And some causes for wonder abound in the Date Plantation field, too. We’ve already taken stock of the two-thirds of all putative date stamps in there that are in fact inactive text, nullities that I assume mean to tell the analyst that these are trees for which no planting dates are available, though they may also want to let us know that some of these in fact took root prior to 1900, the year before which Excel just can’t compute. The great bulk of these dormancies show the 1700-01-01 pseudo-date, but some others insist on some curious variations, e.g., 1700-03-06. Either way, these are text. There are in addition exactly 100 trees submitting a 1/1/1900 planting date, a real date this time but one that, given the understanding that January 1 1900 is the earliest date with which Excel can work, one needs to ask what these are trying to tell us. We also are told about a tree with a circumference of 165 centimeters ostensibly planted on May 27, 2015, about a month-and-a-half ago. Some potent fertilizer’s in that turf.

But if, in spite of all, you do want to learn something about the planting dates, you first need to do something about all the text entries before you dare to group the dates by year, for example. I’d take over the column to the right of Date Plantation, call it Date or whatever, and enter in what should be I2 (remember our Arr field is in there):

=IF(ISTEXT(H2),1,H2)

And what is this formula doing? It’s telling its cell: if the entry in H2 is indeed text, replace it with a numeric 1. Otherwise, if the H2 is a truly dated, return that number). And why 1?  Because 1 is really January 1, 1900, the first date in Excel’s chronology, the one naturally receiving the very first number in the date/number sequence. Thus every 1700-01-01 will be treated as January 1, 1900, a date we’ll then decide to filter away from any grouping.

Once you’ve copied the formula down. A pivot table along these lines can take shape:

Row Labels: Date

Values: Date (Count, and group by Years alone; filter out the year 1900 and the residual-category <1/1/1900).

You’ll see a bounce in plantings starting with 1987; but given my caveat above I ‘m not sure what that means. The dates require a second – and perhaps even a third – look.

And what about tree heights and their averages, say crosstabbed (remember that term?) by arrondissement?  Here the data are all quantitative (remember that last week I split off all the  ,0 decimals that can’t be read by those insular US regional settings), but about half of them record a tree height of 0 meters – and that can’t be, particularly since many of these possess measurable circumference data. Moreover, one particularly strapping stripling in the Bois de Vincennes stands 881,818 meters tall, which puts the tree’s upper branches somewhere in the Van Allen belt. Ten others register heights in the four-figured meter range, turning the Eiffel Tower into a Lego knock-off by comparison. Verdict, then: these data don’t seem terribly usable.

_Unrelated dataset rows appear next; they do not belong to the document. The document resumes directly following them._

lemma
  assumes "is_category C"
  shows cat_dom_ob: "f \<in> cAr C \<Longrightarrow> cDom C f \<in> cOb C"
    and cat_cod_ob: "f \<in> cAr C \<Longrightarrow> cCod C f \<in> cOb C"
    and cat_id: "a \<in> cOb C \<Longrightarrow> cId C a \<in> cAr C \<and> cDom C (cId C a) = a \<and> cCod C (cId C a) = a"
    and cat_comp: "\<lbrakk>f \<in> cAr C; g \<in> cAr C; cCod C f = cDom C g\<rbrakk> \<Longrightarrow>
      cCmp C f g \<in> cAr C \<and> cDom C (cCmp C f g) = cDom C f \<and> cCod C (cCmp C f g) = cCod C g"
    and cat_id_left: "f \<in> cAr C \<Longrightarrow> cCmp C (cId C (cDom C f)) f = f"
    and cat_id_right: "f \<in> cAr C \<Longrightarrow> cCmp C f (cId C (cCod C f)) = f"
    and cat_assoc: "\<lbrakk>f \<in> cAr C; g \<in> cAr C; h \<in> cAr C; cCod C f = cDom C g; cCod C g = cDom C h\<rbrakk> \<Longrightarrow>
      cCmp C (cCmp C f g) h = cCmp C f (cCmp C g h)"
  using assms unfolding is_category_def by blast+

lemma
  assumes "is_functor C C' Fo Fa"
  shows functor_ar: "f \<in> cAr C \<Longrightarrow>
      Fa f \<in> cAr C' \<and> cDom C' (Fa f) = Fo (cDom C f) \<and> cCod C' (Fa f) = Fo (cCod C f)"
    and functor_id: "a \<in> cOb C \<Longrightarrow> Fa (cId C a) = cId C' (Fo a)"
    and functor_comp: "\<lbrakk>f \<in> cAr C; g \<in> cAr C; cCod C f = cDom C g\<rbrakk> \<Longrightarrow>
      Fa (cCmp C f g) = cCmp C' (Fa f) (Fa g)"
  using assms unfolding is_functor_def by blast+

lemma
  assumes "\<theta> \<in> nat_trans C F G"
  shows nat_trans_ob: "\<lbrakk>x \<in> cOb C; a \<in> psh_ob F x\<rbrakk> \<Longrightarrow> \<theta> x a \<in> psh_ob G x"
    and nat_trans_ar: "\<lbrakk>g \<in> cAr C; a \<in> psh_ob F (cCod C g)\<rbrakk> \<Longrightarrow>
      \<theta> (cDom C g) (psh_ar F g a) = psh_ar G g (\<theta> (cCod C g) a)"
    and nat_trans_undefined: "\<not> (x \<in> cOb C \<and> a \<in> psh_ob F x) \<Longrightarrow> \<theta> x a = undefined"
  using assms unfolding nat_trans_def by blast+

lemma nat_iso_trans:
  assumes "is_category C" and "nat_iso C F G" and "nat_iso C G H"
  shows "nat_iso C F H"
proof -
  obtain \<eta> where \<eta>: "\<forall>x\<in>cOb C. bij_betw (\<eta> x) (psh_ob F x) (psh_ob G x)"
      "\<forall>g\<in>cAr C. \<forall>a\<in>psh_ob F (cCod C g). \<eta> (cDom C g) (psh_ar F g a) = psh_ar G g (\<eta> (cCod C g) a)"
    using assms(2) unfolding nat_iso_def by blast
  obtain \<mu> where \<mu>: "\<forall>x\<in>cOb C. bij_betw (\<mu> x) (psh_ob G x) (psh_ob H x)"
      "\<forall>g\<in>cAr C. \<forall>a\<in>psh_ob G (cCod C g). \<mu> (cDom C g) (psh_ar G g a) = psh_ar H g (\<mu> (cCod C g) a)"
    using assms(3) unfolding nat_iso_def by blast
  show ?thesis
    unfolding nat_iso_def
  proof (intro exI[of _ "\<lambda>x. \<mu> x \<circ> \<eta> x"] conjI ballI)
    fix x assume "x \<in> cOb C"
    then show "bij_betw (\<mu> x \<circ> \<eta> x) (psh_ob F x) (psh_ob H x)"
      using \<eta>(1) \<mu>(1) by (blast intro: bij_betw_trans)
  next
    fix g a assume g: "g \<in> cAr C" and a: "a \<in> psh_ob F (cCod C g)"
    have "\<eta> (cCod C g) a \<in> psh_ob G (cCod C g)"
      using \<eta>(1) cat_cod_ob[OF assms(1) g] a bij_betwE by blast
    then show "(\<mu> (cDom C g) \<circ> \<eta> (cDom C g)) (psh_ar F g a) = psh_ar H g ((\<mu> (cCod C g) \<circ> \<eta> (cCod C g)) a)"
      using \<eta>(2) \<mu>(2) g a by simp
  qed
qed

text \<open>Presheaf records carry no functoriality axioms; closure of the action is the part of it
  that the transport of natural transformations along an isomorphism needs.\<close>

definition psh_closed :: "('o, 'm, 'z) cat_scheme \<Rightarrow> ('o, 'm, 'x) psh \<Rightarrow> bool" where
  "psh_closed C F \<longleftrightarrow> (\<forall>g\<in>cAr C. \<forall>a\<in>psh_ob F (cCod C g). psh_ar F g a \<in> psh_ob F (cDom C g))"

lemma nat_trans_precomp:
  fixes \<eta> :: "'o \<Rightarrow> 'x \<Rightarrow> 'y" and F :: "('o, 'm, 'x) psh"
  assumes ar_ob: "\<forall>g\<in>cAr C. cDom C g \<in> cOb C \<and> cCod C g \<in> cOb C"
    and maps: "\<forall>x\<in>cOb C. \<forall>a\<in>psh_ob F x. \<eta> x a \<in> psh_ob F' x"
    and nat: "\<forall>g\<in>cAr C. \<forall>a\<in>psh_ob F (cCod C g).
      \<eta> (cDom C g) (psh_ar F g a) = psh_ar F' g (\<eta> (cCod C g) a)"
    and closed: "psh_closed C F"
    and \<theta>: "\<theta> \<in> nat_trans C F' G"
  shows "(\<lambda>x a. if x \<in> cOb C \<and> a \<in> psh_ob F x then \<theta> x (\<eta> x a) else undefined) \<in> nat_trans C F G"
  unfolding nat_trans_def
proof (intro CollectI conjI ballI allI impI)
  fix g a assume g: "g \<in> cAr C" and a: "a \<in> psh_ob F (cCod C g)"
  have "psh_ar F g a \<in> psh_ob F (cDom C g)" using closed g a unfolding psh_closed_def by blast
  then show "(if cDom C g \<in> cOb C \<and> psh_ar F g a \<in> psh_ob F (cDom C g)
               then \<theta> (cDom C g) (\<eta> (cDom C g) (psh_ar F g a)) else undefined)
           = psh_ar G g (if cCod C g \<in> cOb C \<and> a \<in> psh_ob F (cCod C g)
               then \<theta> (cCod C g) (\<eta> (cCod C g) a) else undefined)"
    using nat_trans_ar[OF \<theta> g] maps nat ar_ob g a by simp
qed (use nat_trans_ob[OF \<theta>] maps in auto)

lemma
  fixes \<eta> :: "'o \<Rightarrow> 'x \<Rightarrow> 'y" and F :: "('o, 'm, 'x) psh"
  assumes ar_ob: "\<forall>g\<in>cAr C. cDom C g \<in> cOb C \<and> cCod C g \<in> cOb C"
    and bij: "\<forall>x\<in>cOb C. bij_betw (\<eta> x) (psh_ob F x) (psh_ob F' x)"
    and nat: "\<forall>g\<in>cAr C. \<forall>a\<in>psh_ob F (cCod C g).
      \<eta> (cDom C g) (psh_ar F g a) = psh_ar F' g (\<eta> (cCod C g) a)"
    and closed: "psh_closed C F"
  shows psh_closed_nat_iso: "psh_closed C F'"
    and inv_into_natural: "\<forall>g\<in>cAr C. \<forall>b\<in>psh_ob F' (cCod C g).
      inv_into (psh_ob F (cDom C g)) (\<eta> (cDom C g)) (psh_ar F' g b)
        = psh_ar F g (inv_into (psh_ob F (cCod C g)) (\<eta> (cCod C g)) b)"
proof -
  have inv: "inv_into (psh_ob F x) (\<eta> x) b \<in> psh_ob F x \<and> \<eta> x (inv_into (psh_ob F x) (\<eta> x) b) = b"
    if "x \<in> cOb C" "b \<in> psh_ob F' x" for x b
  proof -
    have "b \<in> \<eta> x ` psh_ob F x" using bij that bij_betw_imp_surj_on by metis
    then show ?thesis by (auto intro: inv_into_into f_inv_into_f)
  qed
  have *: "psh_ar F' g b = \<eta> (cDom C g) (psh_ar F g a) \<and> psh_ar F g a \<in> psh_ob F (cDom C g)"
    if g: "g \<in> cAr C" and b: "b \<in> psh_ob F' (cCod C g)"
      and a_def: "a = inv_into (psh_ob F (cCod C g)) (\<eta> (cCod C g)) b" for g b a
  proof -
    have a: "a \<in> psh_ob F (cCod C g)" "\<eta> (cCod C g) a = b"
      using inv[of "cCod C g" b] ar_ob g b a_def by auto
    then have "psh_ar F' g b = \<eta> (cDom C g) (psh_ar F g a)"
      using nat g by simp
    moreover have "psh_ar F g a \<in> psh_ob F (cDom C g)"
      using closed g a unfolding psh_closed_def by blast
    ultimately show ?thesis ..
  qed
  show "psh_closed C F'"
    unfolding psh_closed_def
  proof (intro ballI)
    fix g b assume g: "g \<in> cAr C" and b: "b \<in> psh_ob F' (cCod C g)"
    then show "psh_ar F' g b \<in> psh_ob F' (cDom C g)"
      using *[OF g b refl] bij ar_ob by (metis bij_betwE)
  qed
  show "\<forall>g\<in>cAr C. \<forall>b\<in>psh_ob F' (cCod C g).
      inv_into (psh_ob F (cDom C g)) (\<eta> (cDom C g)) (psh_ar F' g b)
        = psh_ar F g (inv_into (psh_ob F (cCod C g)) (\<eta> (cCod C g)) b)"
  proof (intro ballI)
    fix g b assume g: "g \<in> cAr C" and b: "b \<in> psh_ob F' (cCod C g)"
    have "bij_betw (\<eta> (cDom C g)) (psh_ob F (cDom C g)) (psh_ob F' (cDom C g))"
      using bij ar_ob g by blast
    then show "inv_into (psh_ob F (cDom C g)) (\<eta> (cDom C g)) (psh_ar F' g b)
        = psh_ar F g (inv_into (psh_ob F (cCod C g)) (\<eta> (cCod C g)) b)"
      using *[OF g b refl] by (simp add: bij_betw_inv_into_left)
  qed
qed

lemma bij_betw_nat_trans_transport:
  fixes \<eta> :: "'o \<Rightarrow> 'x \<Rightarrow> 'y" and F :: "('o, 'm, 'x) psh" and G :: "('o, 'm, 'v) psh"
  assumes ar_ob: "\<forall>g\<in>cAr C. cDom C g \<in> cOb C \<and> cCod C g \<in> cOb C"
    and bij: "\<forall>x\<in>cOb C. bij_betw (\<eta> x) (psh_ob F x) (psh_ob F' x)"
    and nat: "\<forall>g\<in>cAr C. \<forall>a\<in>psh_ob F (cCod C g).
      \<eta> (cDom C g) (psh_ar F g a) = psh_ar F' g (\<eta> (cCod C g) a)"
    and closed: "psh_closed C F"
  shows "bij_betw (\<lambda>\<theta> x b. if x \<in> cOb C \<and> b \<in> psh_ob F' x
                            then \<theta> x (inv_into (psh_ob F x) (\<eta> x) b) else undefined)
           (nat_trans C F G) (nat_trans C F' G)"
proof -
  let ?fwd = "\<lambda>\<theta> x b. if x \<in> cOb C \<and> b \<in> psh_ob F' x then \<theta> x (inv_into (psh_ob F x) (\<eta> x) b) else undefined"
  let ?bwd = "\<lambda>\<theta> x a. if x \<in> cOb C \<and> a \<in> psh_ob F x then \<theta> x (\<eta> x a) else undefined"
  have \<eta>_in: "\<eta> x a \<in> psh_ob F' x" and inv_\<eta>: "inv_into (psh_ob F x) (\<eta> x) (\<eta> x a) = a"
    if "x \<in> cOb C" "a \<in> psh_ob F x" for x a
    using bij that by (auto simp: bij_betw_inv_into_left dest: bij_betwE)
  have inv_in: "inv_into (psh_ob F x) (\<eta> x) b \<in> psh_ob F x"
    and \<eta>_inv: "\<eta> x (inv_into (psh_ob F x) (\<eta> x) b) = b"
    if "x \<in> cOb C" "b \<in> psh_ob F' x" for x b
  proof -
    have "b \<in> \<eta> x ` psh_ob F x" using bij that bij_betw_imp_surj_on by metis
    then show "inv_into (psh_ob F x) (\<eta> x) b \<in> psh_ob F x" "\<eta> x (inv_into (psh_ob F x) (\<eta> x) b) = b"
      by (auto intro: inv_into_into f_inv_into_f)
  qed
  have "?fwd \<theta> \<in> nat_trans C F' G" if "\<theta> \<in> nat_trans C F G" for \<theta>
    by (rule nat_trans_precomp[OF ar_ob _ inv_into_natural[OF ar_ob bij nat closed]
        psh_closed_nat_iso[OF ar_ob bij nat closed] that]) (simp add: inv_in)
  moreover have "?bwd \<theta> \<in> nat_trans C F G" if "\<theta> \<in> nat_trans C F' G" for \<theta>
    by (rule nat_trans_precomp[OF ar_ob _ nat closed that]) (simp add: \<eta>_in)
  moreover have "?bwd (?fwd \<theta>) = \<theta>" if "\<theta> \<in> nat_trans C F G" for \<theta>
    using nat_trans_undefined[OF that] \<eta>_in inv_\<eta> by (auto simp: fun_eq_iff)
  moreover have "?fwd (?bwd \<theta>) = \<theta>" if "\<theta> \<in> nat_trans C F' G" for \<theta>
    using nat_trans_undefined[OF that] inv_in \<eta>_inv by (auto simp: fun_eq_iff)
  ultimately show ?thesis
    by (intro bij_betw_byWitness[where f' = ?bwd]) auto
qed

section \<open>Left Kan extensions of presheaves\<close>

locale lan_setting =
  fixes C1 :: "('o1, 'm1, 'z1) cat_scheme" and C2 :: "('o2, 'm2, 'z2) cat_scheme"
    and Fo :: "'o1 \<Rightarrow> 'o2" and Fa :: "'m1 \<Rightarrow> 'm2" and \<chi> :: "('o1, 'm1, 'x) psh"
  assumes src_cat: "is_category C1" and tgt_cat: "is_category C2"
    and F_functor: "is_functor C1 C2 Fo Fa" and \<chi>_closed: "psh_closed C1 \<chi>"
begin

And the circumference (Circonference) data aren’t much better. I’m thinking of the Platanus orientalis in the 18th arrondissement, and its 120,170 centimeter girth; at more than 12,000 meters around it could fence off the whole district, and tempt the 18th’s residents into declaring their independence from Paris. And about 16,000 trees state no circumference at all. (By the way, if you rest your mouse atop any Geo point in the source data on the Paris Open Data site, the tree associated with that point is promptly reckoned on a pop-up map.)

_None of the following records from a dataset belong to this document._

inductive_set gen_group :: "('a::field^3^3) set \<Rightarrow> ('a^3^3) set" for S where
  one: "mat 1 \<in> gen_group S"
| gen: "g \<in> S \<Longrightarrow> g \<in> gen_group S"
| mult: "g \<in> gen_group S \<Longrightarrow> h \<in> gen_group S \<Longrightarrow> g ** h \<in> gen_group S"
| inv: "g \<in> gen_group S \<Longrightarrow> matrix_inv g \<in> gen_group S"

definition elem_order :: "'a::field \<Rightarrow> nat" where
  "elem_order x = (LEAST n. 0 < n \<and> x ^ n = 1)"

definition irreducible3 :: "('a::field^3^3) set \<Rightarrow> bool" where
  "irreducible3 G \<longleftrightarrow> (\<forall>U :: ('a^3) set. vec.subspace U \<and> vec.dim U \<in> {1,2} \<longrightarrow>
      \<not> (\<forall>g\<in>G. \<forall>v\<in>U. v v* g \<in> U))"

end

theory Submission
  imports Defs "HOL-Number_Theory.Residues"
begin

(* Membership in SU_3(q): the unitary condition for X, Y, Z is a direct computation using
   b^q = 1 - b, b^(q^2) = b and a^q = a, and since x \<mapsto> x^q is additive on F_(q^2) the twist
   A \<mapsto> (a_ij^q) is multiplicative, so SU_3(q) is closed under products and inverses.

   Irreducibility: let U be a nonzero invariant subspace. Combining a nonzero u \<in> U with uZ, uY
   or uX yields a nonzero w \<in> U with w_2 = 0. Then w and wZ (or w and wY, using a^2 \<noteq> 1) span
   the plane w_2 = 0, so e_1, e_3 \<in> U, and e_1 X + b^q e_1 - b^(q+1) e_3 = b e_2 gives e_2 \<in> U. *)

lemma power_card_minus_one_eq_one:
  fixes x :: "'a::{field,finite}"
  assumes "x \<noteq> 0"
  shows "x ^ (CARD('a) - 1) = 1"
proof -
  let ?N = "UNIV - {0} :: 'a set"
  have bij: "bij_betw ((*) x) ?N ?N"
    using assms by (intro bij_betwI[where g = "\<lambda>y. y / x"]) auto
  have "x ^ card ?N * \<Prod>?N = (\<Prod>y\<in>?N. x * y)"
    by (simp add: prod.distrib)
  also have "\<dots> = \<Prod>?N"
    using prod.reindex_bij_betw[OF bij, of id] by simp
  finally have "x ^ card ?N * \<Prod>?N = 1 * \<Prod>?N" by simp
  moreover have "\<Prod>?N \<noteq> 0" by simp
  moreover have "card ?N = CARD('a) - 1" by (simp add: card_Diff_singleton)
  ultimately show ?thesis by simp
qed

lemma power_card_eq_self:
  fixes x :: "'a::{field,finite}"
  shows "x ^ CARD('a) = x"
proof (cases "x = 0")
  case False
  then show ?thesis
    using power_minus_mult[of "CARD('a)" x] power_card_minus_one_eq_one[OF False] by simp
qed simp

lemma CHAR_eq_prime_if_card_eq_power:
  assumes "prime p" and "CARD('a::{field,finite}) = p ^ n"
  shows "CHAR('a) = p"
proof -
  have "prime CHAR('a)"
    by (intro prime_CHAR_semidom finite_imp_CHAR_pos) simp
  moreover have "CHAR('a) dvd p ^ n"
    using CHAR_dvd_CARD[where 'a = 'a] assms(2) by simp
  ultimately show ?thesis
    using assms(1) by (meson prime_dvd_power primes_dvd_imp_eq)
qed

lemma add_power_prime_power_finite_field:
  fixes x y :: "'a::{field,finite}"
  assumes "prime p" and "CARD('a) = p ^ n"
  shows "(x + y) ^ (p ^ k) = x ^ (p ^ k) + y ^ (p ^ k)"
  using CHAR_eq_prime_if_card_eq_power[OF assms] assms(1)
  by (intro freshmans_dream') simp_all

lemma one_less_card_field: "1 < CARD('a::{field,finite})"
proof -
  have "card {0, 1 :: 'a} \<le> CARD('a)" by (rule card_mono) auto
  then show ?thesis by simp
qed

lemma elem_order_power_eq_one:
  fixes x :: "'a::{field,finite}"
  assumes "x \<noteq> 0"
  shows "x ^ elem_order x = 1"
  unfolding elem_order_def
proof (rule LeastI_ex[where P = "\<lambda>n. 0 < n \<and> x ^ n = 1", THEN conjunct2])
  show "\<exists>n. 0 < n \<and> x ^ n = 1"
    using one_less_card_field[where 'a = 'a] power_card_minus_one_eq_one[OF assms]
    by (intro exI[of _ "CARD('a) - 1"]) simp
qed

lemma elem_order_le:
  assumes "0 < n" and "x ^ n = 1"
  shows "elem_order x \<le> n"
  unfolding elem_order_def using assms by (intro Least_le) simp

lemma frobm_mult:
  assumes "\<And>x y::'a::field. (x + y) ^ q = x ^ q + y ^ q"
  shows "frobm q (A ** B) = frobm q (A::'a^3^3) ** frobm q B"
  unfolding frobm_def matrix_matrix_mult_def
  by (simp add: vec_eq_iff sum_3 assms power_mult_distrib)

lemma frobm_mat_1:
  assumes "q > 0"
  shows "frobm q (mat 1 :: 'a::field^3^3) = mat 1"
  using assms unfolding frobm_def mat_def by (simp add: vec_eq_iff)

lemma frobm_vector:
  "frobm q (vector [vector [x11, x12, x13], vector [x21, x22, x23], vector [x31, x32, x33]] :: 'a::field^3^3)
   = vector [vector [x11^q, x12^q, x13^q], vector [x21^q, x22^q, x23^q], vector [x31^q, x32^q, x33^q]]"
  by (simp add: frobm_def vec_eq_iff forall_3)

lemma mat_1_in_SU3:
  assumes "q > 0"
  shows "(mat 1 :: 'a::field^3^3) \<in> SU3 q"
  using assms by (simp add: SU3_def frobm_mat_1 transpose_mat)

lemma SU3_mult:
  assumes "\<And>x y::'a::field. (x + y) ^ q = x ^ q + y ^ q"
    and A: "(A::'a^3^3) \<in> SU3 q" and B: "B \<in> SU3 q"
  shows "A ** B \<in> SU3 q"
proof -
  have "transpose (frobm q (A ** B)) ** Wmat ** (A ** B)
     = transpose (frobm q B) ** (transpose (frobm q A) ** Wmat ** A) ** B"
    by (simp add: frobm_mult[OF assms(1)] matrix_transpose_mul matrix_mul_assoc)
  also have "\<dots> = Wmat" using A B by (simp add: SU3_def matrix_mul_assoc)
  finally show ?thesis using A B by (simp add: SU3_def det_mul)
qed

lemma matrix_mul_matrix_inv:
  assumes "invertible A"
  shows "A ** matrix_inv A = mat 1"
  using assms unfolding invertible_def matrix_inv_def by (metis (mono_tags, lifting) someI_ex)

lemma SU3_matrix_inv:
  assumes "\<And>x y::'a::field. (x + y) ^ q = x ^ q + y ^ q" and "q > 0"
    and A: "(A::'a^3^3) \<in> SU3 q"
  shows "matrix_inv A \<in> SU3 q"
proof -
  define B where "B = matrix_inv A"
  have "invertible A" using A by (simp add: SU3_def invertible_det_nz)
  then have AB: "A ** B = mat 1"
    by (simp add: B_def matrix_mul_matrix_inv)
  then have "det A * det B = 1" by (metis det_mul det_I)
  then have "det B = 1" using A by (simp add: SU3_def)
  have "transpose (frobm q B) ** Wmat ** B
     = transpose (frobm q B) ** (transpose (frobm q A) ** Wmat ** A) ** B"
    using A by (simp add: SU3_def)
  also have "\<dots> = transpose (frobm q (A ** B)) ** Wmat ** (A ** B)"
    by (simp add: frobm_mult[OF assms(1)] matrix_transpose_mul matrix_mul_assoc)
  also have "\<dots> = Wmat"
    using assms(2) by (simp add: AB frobm_mat_1 transpose_mat)
  finally show ?thesis using \<open>det B = 1\<close> by (simp add: SU3_def B_def)
qed

lemma gen_group_subset:
  assumes "S \<subseteq> H" and "mat 1 \<in> H"
    and "\<And>g h. g \<in> H \<Longrightarrow> h \<in> H \<Longrightarrow> g ** h \<in> H"
    and "\<And>g. g \<in> H \<Longrightarrow> matrix_inv g \<in> H"
  shows "gen_group S \<subseteq> H"
proof
  fix g assume "g \<in> gen_group S"
  then show "g \<in> H"
    by (induction rule: gen_group.induct) (use assms in auto)
qed

lemma gen_group_subset_SU3:
  assumes "\<And>x y::'a::field. (x + y) ^ q = x ^ q + y ^ q" and "q > 0"
    and "S \<subseteq> (SU3 q :: ('a^3^3) set)"
  shows "gen_group S \<subseteq> SU3 q"
  using assms by (intro gen_group_subset mat_1_in_SU3) (auto intro: SU3_mult SU3_matrix_inv)

(* X = Xmat b (b^q) (b^(q+1)) and Z = Ymat 1 *)
definition Xmat :: "'a::field \<Rightarrow> 'a \<Rightarrow> 'a \<Rightarrow> 'a^3^3" where
  "Xmat b c d = vector [vector [- c, b, d], vector [1, 0, c], vector [1, 1, - b]]"

definition Ymat :: "'a::field \<Rightarrow> 'a^3^3" where
  "Ymat a = vector [vector [0, 0, a], vector [0, -1, 0], vector [inverse a, 0, 0]]"

lemma frobm_Xmat:
  fixes b c :: "'a::field"
  assumes "odd q" and "b ^ q = c" and "c ^ q = b"
  shows "frobm q (Xmat b c (b * c)) = Xmat c b (b * c)"
  using assms by (simp add: Xmat_def frobm_vector power_mult_distrib zero_power odd_pos mult.commute)

lemma Xmat_in_SU3:
  fixes b c :: "'a::field"
  assumes "odd q" and "b ^ q = c" and "c ^ q = b" and "b + c = 1"
  shows "Xmat b c (b * c) \<in> SU3 q"
proof -
  have b: "b = 1 - c" using assms(4) by (simp add: algebra_simps)
  have "det (Xmat b c (b * c)) = 1"
    unfolding Xmat_def b det_3 by (simp add: algebra_simps)
  moreover have "transpose (Xmat c b (b * c)) ** Wmat ** Xmat b c (b * c) = Wmat"
    unfolding Xmat_def Wmat_def b
    by (simp add: vec_eq_iff forall_3 sum_3 matrix_matrix_mult_def transpose_def algebra_simps)
  ultimately show ?thesis
    using assms by (simp add: SU3_def frobm_Xmat)
qed

lemma Ymat_in_SU3:
  fixes a :: "'a::field"
  assumes "odd q" and "a \<noteq> 0" and "a ^ q = a"
  shows "Ymat a \<in> SU3 q"
proof -
  have "frobm q (Ymat a) = Ymat a"
    using assms by (simp add: Ymat_def frobm_vector zero_power odd_pos power_inverse)
  moreover have "det (Ymat a) = 1"
    using assms(2) by (simp add: Ymat_def det_3)
  moreover have "transpose (Ymat a) ** Wmat ** Ymat a = Wmat"
    using assms(2)
    by (simp add: Ymat_def Wmat_def vec_eq_iff forall_3 sum_3 matrix_matrix_mult_def transpose_def)
  ultimately show ?thesis by (simp add: SU3_def)
qed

All of which may compel me to rewrite the brief I filed on behalf of trees in my previous post.  They’re not quite as cooperative as I might have thought. After all, even the most  vain of humans wouldn’t have the nerve to declare a waistline of 0 inches.

A Tree Grows in Paris: Les Arbes d’Alignement, Part 1

28 Jun

Faced with the choice between counting trees or humans I’d professionally recommend that you opt for the former. Humans, after all, are mobile and moody; they’ve been known to spurn or even flee from the ones doing the counting, or slam the door in counters’ faces, or lie to their honorably-intended questions.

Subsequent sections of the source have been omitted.